Aim of the exercise
In the entries that follow, how many lines contain "final"? Please reply with only the number.

Data records
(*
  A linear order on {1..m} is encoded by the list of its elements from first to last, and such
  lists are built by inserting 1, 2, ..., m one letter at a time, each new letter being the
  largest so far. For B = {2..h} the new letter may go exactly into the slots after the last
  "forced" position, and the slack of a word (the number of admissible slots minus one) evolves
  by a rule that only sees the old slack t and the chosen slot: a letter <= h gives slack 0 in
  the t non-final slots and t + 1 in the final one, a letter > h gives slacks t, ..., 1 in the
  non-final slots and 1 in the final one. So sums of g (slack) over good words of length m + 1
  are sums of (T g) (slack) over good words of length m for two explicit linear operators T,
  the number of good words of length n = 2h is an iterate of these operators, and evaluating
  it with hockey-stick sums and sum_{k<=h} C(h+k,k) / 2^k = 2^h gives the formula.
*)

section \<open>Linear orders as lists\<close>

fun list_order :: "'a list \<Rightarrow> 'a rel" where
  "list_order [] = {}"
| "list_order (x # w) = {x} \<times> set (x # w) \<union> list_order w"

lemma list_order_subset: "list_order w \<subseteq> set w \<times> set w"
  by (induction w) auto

Response to the task
2